Оценить:
 Рейтинг: 0

Моя последняя любовь. Философия искушения

Год написания книги
2019
<< 1 ... 7 8 9 10 11 12 13 14 15 ... 19 >>
На страницу:
11 из 19
Настройки чтения
Размер шрифта
Высота строк
Поля

Когда получасом позже я только начал распечатывать новую колоду, явился адъютант Сандзонио и серьезнейшим тоном сообщил важную новость. Пришел он от генерала и видел, как запыхавшийся Кампорезе передал его превосходительству печать и бумаги усопшего. Его превосходительство тогда же повелел похоронить принца в особенном склепе и со всеми почестями, подобающими столь высокородной особе. Спустя еще полчаса явился господин Минотто, адъютант генерал-проведитора, и передал, что его превосходительство желает говорить со мною. Закончив игру и отдав карты майору Мароли, я отправился к генералу. Я нашел его превосходительство за столом в обществе первых дам и трех-четырех высших офицеров; здесь же были госпожа Ф. и господин Д.Р.

– Вот оно как, – произнес старый генерал. – Слуга ваш был принц…

– Никогда бы не подумал, монсеньор, и даже теперь не верю.

– Как! Он умер, и находился в здравом рассудке. Вы видели герб его, метрическое свидетельство, собственноручное его письмо. Когда человек при смерти, ему не приходит охоты шутить.

– Когда ваше превосходительство полагает все это правдой, почтение велит мне молчать.

– Что же это, если не правда? Удивляюсь, как вы можете сомневаться.

– Могу, монсеньор, ибо осведомлен о роде Ларошфуко, равно как и о роде Дюплесси; к тому же я слишком хорошо знаком с означенным человеком. Сумасшедшим он не был, но чудаком и сумасбродом был. Я ни разу не видел, чтобы он писал, и сам он двадцать раз говорил мне, что никогда не учился грамоте.

– Письмо его доказывает обратное. На печати его герцогская мантия: вам, быть может, неизвестно, что господин де Ларошфуко – герцог и пэр Франции.

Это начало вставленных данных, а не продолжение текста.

(* Each of the graphs $K_{3,3,3}$, $K_{2,4,4}$, $K_{2,3,5}$, $K_{2,2,9}$, $K_{1,2,2,2}$, $K_{1,1,2,3}$, $K_{1,1,1,2,2}$, $K_{1*4,6}$, $K_{1*5,5}$ and $K_{1*6,4}$ is uniquely $3$-list colorable.
   Context: All graphs are finite, simple and undirected. A list assignment $L$ for a graph $G$ assigns to each vertex $v$ a set $L(v)$ of colors; an $L$-coloring is a proper vertex coloring $c$ of $G$ with $c(v)\in L(v)$ for every vertex $v$. A $k$-list assignment is a list assignment with $|L(v)|=k$ for all $v$. $G$ is uniquely $k$-list colorable (U$k$LC) if there exists a $k$-list assignment $L$ such that $G$ has exactly one $L$-coloring. $K_{n_1,\dots,n_r}$ denotes the complete $r$-partite graph with parts of sizes $n_1,\dots,n_r$. $K_{1*r,s}$ denotes the complete $(r+1)$-partite graph with $r$ parts of size $1$ and one part of size $s$. *)

theory Defs
  imports Main "HOL-Library.FuncSet"
begin

(* A graph is given by a vertex set V and a symmetric irreflexive edge relation E. *)

definition L_coloring :: "'a set \<Rightarrow> ('a \<Rightarrow> 'a \<Rightarrow> bool) \<Rightarrow> ('a \<Rightarrow> nat set) \<Rightarrow> ('a \<Rightarrow> nat) \<Rightarrow> bool" where
  "L_coloring V E L c \<longleftrightarrow>
     (\<forall>v\<in>V. c v \<in> L v) \<and> (\<forall>u\<in>V. \<forall>v\<in>V. E u v \<longrightarrow> c u \<noteq> c v)"

(* G = (V,E) is uniquely k-list colorable: some k-list assignment admits exactly one
   L-coloring (colorings identified with their restriction to V). *)
definition uniquely_k_list_colorable :: "'a set \<Rightarrow> ('a \<Rightarrow> 'a \<Rightarrow> bool) \<Rightarrow> nat \<Rightarrow> bool" where
  "uniquely_k_list_colorable V E k \<longleftrightarrow>
     (\<exists>L. (\<forall>v\<in>V. finite (L v) \<and> card (L v) = k) \<and>
          (\<exists>!c. c \<in> extensional V \<and> L_coloring V E L c))"

(* Complete multipartite graph K_{n_1,...,n_r}, ns = [n_1,...,n_r]:
   vertex (i,j) is the j-th vertex of part i. *)
definition cmp_verts :: "nat list \<Rightarrow> (nat \<times> nat) set" where
  "cmp_verts ns = {(i, j). i < length ns \<and> j < ns ! i}"

definition cmp_edge :: "nat \<times> nat \<Rightarrow> nat \<times> nat \<Rightarrow> bool" where
  "cmp_edge u v \<longleftrightarrow> fst u \<noteq> fst v"

definition UkLC_complete_multipartite :: "nat list \<Rightarrow> nat \<Rightarrow> bool" where
  "UkLC_complete_multipartite ns k \<longleftrightarrow> uniquely_k_list_colorable (cmp_verts ns) cmp_edge k"

definition K_1r_s :: "nat \<Rightarrow> nat \<Rightarrow> nat list" where
  "K_1r_s r s = replicate r 1 @ [s]"

end

theory Submission
  imports Defs
begin

(* For each of the ten graphs we exhibit an explicit 3-list assignment.  That it admits exactly
   one coloring is verified by an exhaustive backtracking search over the vertices: the search is
   proved once and for all to return exactly the proper list colorings, so a single search result
   means a unique coloring. *)

fun list_colorings :: "('a \<Rightarrow> 'a \<Rightarrow> bool) \<Rightarrow> ('a \<Rightarrow> nat list) \<Rightarrow> ('a \<times> nat) list \<Rightarrow> 'a list
    \<Rightarrow> ('a \<times> nat) list list" where
  "list_colorings E L acc [] = [acc]"
| "list_colorings E L acc (v # vs) =
     concat (map (\<lambda>x. list_colorings E L ((v, x) # acc) vs)
       (filter (\<lambda>x. \<forall>(u, y) \<in> set acc. E u v \<longrightarrow> y \<noteq> x) (L v)))"

definition proper_assoc :: "('a \<Rightarrow> 'a \<Rightarrow> bool) \<Rightarrow> ('a \<times> nat) list \<Rightarrow> bool" where
  "proper_assoc E r \<longleftrightarrow> (\<forall>(u, x) \<in> set r. \<forall>(v, y) \<in> set r. E u v \<longrightarrow> x \<noteq> y)"

definition within_lists :: "('a \<Rightarrow> nat list) \<Rightarrow> ('a \<times> nat) list \<Rightarrow> bool" where
  "within_lists L r \<longleftrightarrow> (\<forall>(v, x) \<in> set r. x \<in> set (L v))"

lemma proper_assocD:
  "proper_assoc E r \<Longrightarrow> (u, x) \<in> set r \<Longrightarrow> (v, y) \<in> set r \<Longrightarrow> E u v \<Longrightarrow> x \<noteq> y"
  unfolding proper_assoc_def by fast

lemma within_listsD: "within_lists L r \<Longrightarrow> (v, x) \<in> set r \<Longrightarrow> x \<in> set (L v)"
  unfolding within_lists_def by fast

lemma proper_assoc_Cons:
  assumes "symp E" "irreflp E"
  shows "proper_assoc E ((v, x) # r) \<longleftrightarrow>
           proper_assoc E r \<and> (\<forall>(u, y) \<in> set r. E u v \<longrightarrow> y \<noteq> x)"
  using assms unfolding proper_assoc_def by (auto dest: sympD simp: irreflp_def)

lemma list_colorings_sound:
  assumes "symp E" "irreflp E" "r \<in> set (list_colorings E L acc vs)"
    and "proper_assoc E acc" "within_lists L acc"
  shows "proper_assoc E r \<and> within_lists L r \<and> map fst r = rev vs @ map fst acc"
  using assms(3-)
proof (induction vs arbitrary: acc)
  case Nil
  then show ?case by simp
next
  case (Cons v vs)
  then obtain x where x: "x \<in> set (L v)" "\<forall>(u, y) \<in> set acc. E u v \<longrightarrow> y \<noteq> x"
    and r: "r \<in> set (list_colorings E L ((v, x) # acc) vs)"
    by auto
  have "proper_assoc E ((v, x) # acc)"
    using Cons.prems(2) x(2) proper_assoc_Cons[OF assms(1,2)] by blast
  moreover have "within_lists L ((v, x) # acc)"
    using Cons.prems(3) x(1) by (simp add: within_lists_def)
  ultimately show ?case using Cons.IH[OF r] by simp
qed

lemma list_colorings_complete:
  assumes "\<forall>v \<in> set vs. c v \<in> set (L v)"
    and "\<forall>u \<in> set us \<union> set vs. \<forall>v \<in> set vs. E u v \<longrightarrow> c u \<noteq> c v"
  shows "map (\<lambda>v. (v, c v)) (rev vs @ us)
           \<in> set (list_colorings E L (map (\<lambda>v. (v, c v)) us) vs)"
  using assms
proof (induction vs arbitrary: us)
  case Nil
  then show ?case by simp
next
  case (Cons v vs)
  have "\<forall>u \<in> set us. E u v \<longrightarrow> c u \<noteq> c v"
    using Cons.prems(2) by simp
  then have admissible: "\<forall>(u, y) \<in> set (map (\<lambda>v. (v, c v)) us). E u v \<longrightarrow> y \<noteq> c v"
    by auto
  have "map (\<lambda>v. (v, c v)) (rev vs @ v # us)
          \<in> set (list_colorings E L (map (\<lambda>v. (v, c v)) (v # us)) vs)"
    using Cons.prems by (intro Cons.IH) auto
  then show ?case using Cons.prems(1) admissible by auto
qed

lemma L_coloring_restrict: "L_coloring V E L (restrict c V) \<longleftrightarrow> L_coloring V E L c"
  by (simp add: L_coloring_def)

lemma L_coloring_map_of:
  assumes "proper_assoc E r" "within_lists L r" "V \<subseteq> fst ` set r"
  shows "L_coloring V E (set \<circ> L) (\<lambda>v. the (map_of r v))"
proof -
  have in_r: "(v, the (map_of r v)) \<in> set r" if "v \<in> V" for v
  proof -
    have "v \<in> fst ` set r" using assms(3) that by blast
    then obtain x where "map_of r v = Some x" by (meson map_of_eq_None_iff not_Some_eq)
    then show ?thesis by (simp add: map_of_SomeD)
  qed
  show ?thesis
    unfolding L_coloring_def
  proof (intro conjI ballI impI)
    show "the (map_of r v) \<in> (set \<circ> L) v" if "v \<in> V" for v
      using within_listsD[OF assms(2) in_r[OF that]] by simp
    show "the (map_of r u) \<noteq> the (map_of r v)" if "u \<in> V" "v \<in> V" "E u v" for u v
      using proper_assocD[OF assms(1) in_r[OF that(1)] in_r[OF that(2)] that(3)] .
  qed
qed

lemma uniquely_k_list_colorable_by_search:
  assumes "symp E" "irreflp E"
    and lists: "\<forall>v \<in> set vs. distinct (L v) \<and> length (L v) = k"
    and single: "length (list_colorings E L [] vs) = 1"
  shows "uniquely_k_list_colorable (set vs) E k"
proof -
  from single obtain r where r: "list_colorings E L [] vs = [r]"
    by (auto simp: length_Suc_conv)
  have sound: "proper_assoc E r" "within_lists L r" "map fst r = rev vs"
    using list_colorings_sound[OF assms(1,2), of r L "[]" vs] r
    by (simp_all add: proper_assoc_def within_lists_def)
  define c0 where "c0 = restrict (\<lambda>v. the (map_of r v)) (set vs)"
  have "set vs \<subseteq> fst ` set r"
    using arg_cong[OF sound(3), of set] by simp
  then have c0_coloring: "L_coloring (set vs) E (set \<circ> L) c0"
    unfolding c0_def L_coloring_restrict by (rule L_coloring_map_of[OF sound(1,2)])
  have search_result: "rev (map (\<lambda>v. (v, c v)) vs) = r" if "L_coloring (set vs) E (set \<circ> L) c"
    for c
  proof -
    have "rev (map (\<lambda>v. (v, c v)) vs) \<in> set (list_colorings E L [] vs)"
      using list_colorings_complete[of vs c L "[]" E] that by (simp add: L_coloring_def rev_map)
    then show ?thesis using r by simp
  qed
  have c0_unique: "c = c0" if ext: "c \<in> extensional (set vs)"
    and coloring: "L_coloring (set vs) E (set \<circ> L) c" for c
  proof (rule extensionalityI[OF ext])
    show "c0 \<in> extensional (set vs)" by (simp add: c0_def)
    have "map (\<lambda>v. (v, c v)) vs = map (\<lambda>v. (v, c0 v)) vs"
      using search_result[OF coloring] search_result[OF c0_coloring] rev_is_rev_conv by metis
    then show "c v = c0 v" if "v \<in> set vs" for v
      using that by (simp add: map_eq_conv)
  qed
  have "\<forall>v \<in> set vs. finite ((set \<circ> L) v) \<and> card ((set \<circ> L) v) = k"
    using lists by (simp add: distinct_card)
  moreover have "\<exists>!c. c \<in> extensional (set vs) \<and> L_coloring (set vs) E (set \<circ> L) c"
    using c0_coloring c0_unique by (intro ex1I[of _ c0]) (auto simp: c0_def)
  ultimately show ?thesis
    unfolding uniquely_k_list_colorable_def by (intro exI[of _ "set \<circ> L"] conjI)
qed

definition cmp_vertex_list :: "nat list \<Rightarrow> (nat \<times> nat) list" where
  "cmp_vertex_list ns = concat (map (\<lambda>i. map (Pair i) [0..<ns ! i]) [0..<length ns])"

lemma set_cmp_vertex_list: "set (cmp_vertex_list ns) = cmp_verts ns"
  by (auto simp: cmp_verts_def cmp_vertex_list_def)

lemma symp_cmp_edge: "symp cmp_edge"
  by (auto intro: sympI simp: cmp_edge_def)

lemma irreflp_cmp_edge: "irreflp cmp_edge"
  by (auto intro: irreflpI simp: cmp_edge_def)

lemma UkLC_complete_multipartite_by_search:
  assumes "\<forall>v \<in> set (cmp_vertex_list ns). distinct (L v) \<and> length (L v) = k"
    and "length (list_colorings cmp_edge L [] (cmp_vertex_list ns)) = 1"
  shows "UkLC_complete_multipartite ns k"
  using uniquely_k_list_colorable_by_search[OF symp_cmp_edge irreflp_cmp_edge assms]
  unfolding UkLC_complete_multipartite_def set_cmp_vertex_list .

lemma UkLC_K_3_3_3: "UkLC_complete_multipartite [3, 3, 3] 3"
  by (rule UkLC_complete_multipartite_by_search[where L =
    "\<lambda>(i, j). [[[1, 3, 5], [0, 4, 5], [0, 1, 2]], [[0, 1, 5], [0, 2, 5], [1, 2, 3]], [[1, 4, 5], [0, 1, 2], [0, 3, 5]]] ! i ! j"]; code_simp)

lemma UkLC_K_2_4_4: "UkLC_complete_multipartite [2, 4, 4] 3"
  by (rule UkLC_complete_multipartite_by_search[where L =
    "\<lambda>(i, j). [[[0, 2, 4], [1, 3, 5]], [[0, 4, 5], [0, 1, 2], [1, 2, 4], [0, 2, 3]], [[2, 4, 5], [0, 4, 5], [0, 3, 4], [0, 1, 2]]] ! i ! j"]; code_simp)

lemma UkLC_K_2_3_5: "UkLC_complete_multipartite [2, 3, 5] 3"
  by (rule UkLC_complete_multipartite_by_search[where L =
    "\<lambda>(i, j). [[[2, 3, 4], [0, 1, 5]], [[0, 2, 5], [0, 1, 5], [1, 2, 3]], [[0, 4, 5], [2, 3, 5], [0, 1, 3], [1, 2, 4], [0, 1, 5]]] ! i ! j"]; code_simp)

lemma UkLC_K_2_2_9: "UkLC_complete_multipartite [2, 2, 9] 3"
  by (rule UkLC_complete_multipartite_by_search[where L =
    "\<lambda>(i, j). [[[1, 3, 4], [0, 2, 4]], [[1, 2, 5], [0, 3, 4]], [[2, 3, 4], [0, 2, 4], [1, 3, 4], [0, 4, 5], [0, 1, 2], [3, 4, 5], [0, 2, 5], [0, 1, 4], [1, 3, 5]]] ! i ! j"]; code_simp)

lemma UkLC_K_1_2_2_2: "UkLC_complete_multipartite [1, 2, 2, 2] 3"
  by (rule UkLC_complete_multipartite_by_search[where L =
    "\<lambda>(i, j). [[[0, 2, 3]], [[1, 2, 3], [2, 3, 4]], [[0, 2, 3], [1, 2, 4]], [[0, 2, 3], [2, 3, 4]]] ! i ! j"]; code_simp)

lemma UkLC_K_1_1_2_3: "UkLC_complete_multipartite [1, 1, 2, 3] 3"
  by (rule UkLC_complete_multipartite_by_search[where L =
    "\<lambda>(i, j). [[[0, 1, 3]], [[1, 2, 3]], [[1, 2, 3], [0, 1, 3]], [[0, 1, 3], [0, 1, 2], [1, 2, 3]]] ! i ! j"]; code_simp)

lemma UkLC_K_1_1_1_2_2: "UkLC_complete_multipartite [1, 1, 1, 2, 2] 3"
  by (rule UkLC_complete_multipartite_by_search[where L =
    "\<lambda>(i, j). [[[0, 2, 4]], [[2, 3, 4]], [[0, 1, 2]], [[0, 1, 4], [2, 3, 4]], [[0, 2, 4], [1, 2, 4]]] ! i ! j"]; code_simp)

lemma UkLC_K_1x4_6: "UkLC_complete_multipartite (K_1r_s 4 6) 3"
  unfolding K_1r_s_def by (rule UkLC_complete_multipartite_by_search[where L =
    "\<lambda>(i, j). [[[1, 3, 4]], [[2, 4, 5]], [[0, 4, 5]], [[0, 3, 4]], [[0, 3, 5], [2, 4, 5], [1, 4, 5], [0, 2, 4], [1, 2, 3], [0, 1, 3]]] ! i ! j"]; code_simp)

lemma UkLC_K_1x5_5: "UkLC_complete_multipartite (K_1r_s 5 5) 3"
  unfolding K_1r_s_def by (rule UkLC_complete_multipartite_by_search[where L =
    "\<lambda>(i, j). [[[0, 1, 5]], [[2, 3, 6]], [[3, 4, 6]], [[0, 1, 4]], [[0, 1, 6]], [[0, 4, 5], [1, 2, 3], [3, 5, 6], [4, 5, 6], [0, 1, 6]]] ! i ! j"]; code_simp)

lemma UkLC_K_1x6_4: "UkLC_complete_multipartite (K_1r_s 6 4) 3"
  unfolding K_1r_s_def by (rule UkLC_complete_multipartite_by_search[where L =
    "\<lambda>(i, j). [[[5, 6, 7]], [[1, 4, 5]], [[0, 2, 6]], [[0, 4, 5]], [[0, 2, 4]], [[3, 4, 5]], [[1, 2, 6], [4, 5, 7], [0, 1, 3], [0, 3, 5]]] ! i ! j"]; code_simp)

theorem proposition3p3:
  shows "\<forall>ns \<in> {[3,3,3], [2,4,4], [2,3,5], [2,2,9], [1,2,2,2], [1,1,2,3], [1,1,1,2,2],
                 K_1r_s 4 6, K_1r_s 5 5, K_1r_s 6 4}.
           UkLC_complete_multipartite ns 3"
  using UkLC_K_3_3_3 UkLC_K_2_4_4 UkLC_K_2_3_5 UkLC_K_2_2_9 UkLC_K_1_2_2_2 UkLC_K_1_1_2_3
    UkLC_K_1_1_1_2_2 UkLC_K_1x4_6 UkLC_K_1x5_5 UkLC_K_1x6_4
  by simp

end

– Прошу меня простить, монсеньор, все это я знаю, и знаю больше того: Франциск VI был женат на девице де Вивонн.

– Вы ничего не знаете.

После этого мне оставалось лишь умолкнуть. Не без удовольствия приметил я, что все мужское общество пришло в восторг от обращенных ко мне убийственных слов: «Вы ничего не знаете». Один из офицеров сказал, что усопший был красив, с виду благороден, весьма умен и умел вести себя столь осмотрительно, что никому и в голову не приходило, кто он на самом деле. Одна из дам заверила, что, будь она знакома с ним, непременно сумела бы его разоблачить. Другой льстец объявил, что покойный был всегда весел, никогда не хвастался перед своими товарищами и пел как ангел.

– Ему минуло двадцать пять лет, – сказала, глядя на меня, госпожа Сагредо, – вы должны были приметить в нем все эти достоинства, если верно, что он ими обладал.

– Могу лишь, сударыня, описать его таким, каким он мне представлялся. Всегда весел, частенько дурачился, кувыркаясь и распевая нескромные куплеты, и держал в памяти поразительное множество простонародных сказок о колдовстве, чудесах, невероятных подвигах, противных здравому смыслу и потому смешных. Пороки же его таковы: он был пьяница, грязнуля, развратник, бранчливый и не совсем чистый на руку; но я терпел, оттого что он хорошо меня причесывал и еще потому, что хотел научиться говорить по-французски. Не раз он говорил, что родом из Пикардии, сын крестьянина и дезертир. Уверял, что не умеет писать, но, быть может, обманывал меня.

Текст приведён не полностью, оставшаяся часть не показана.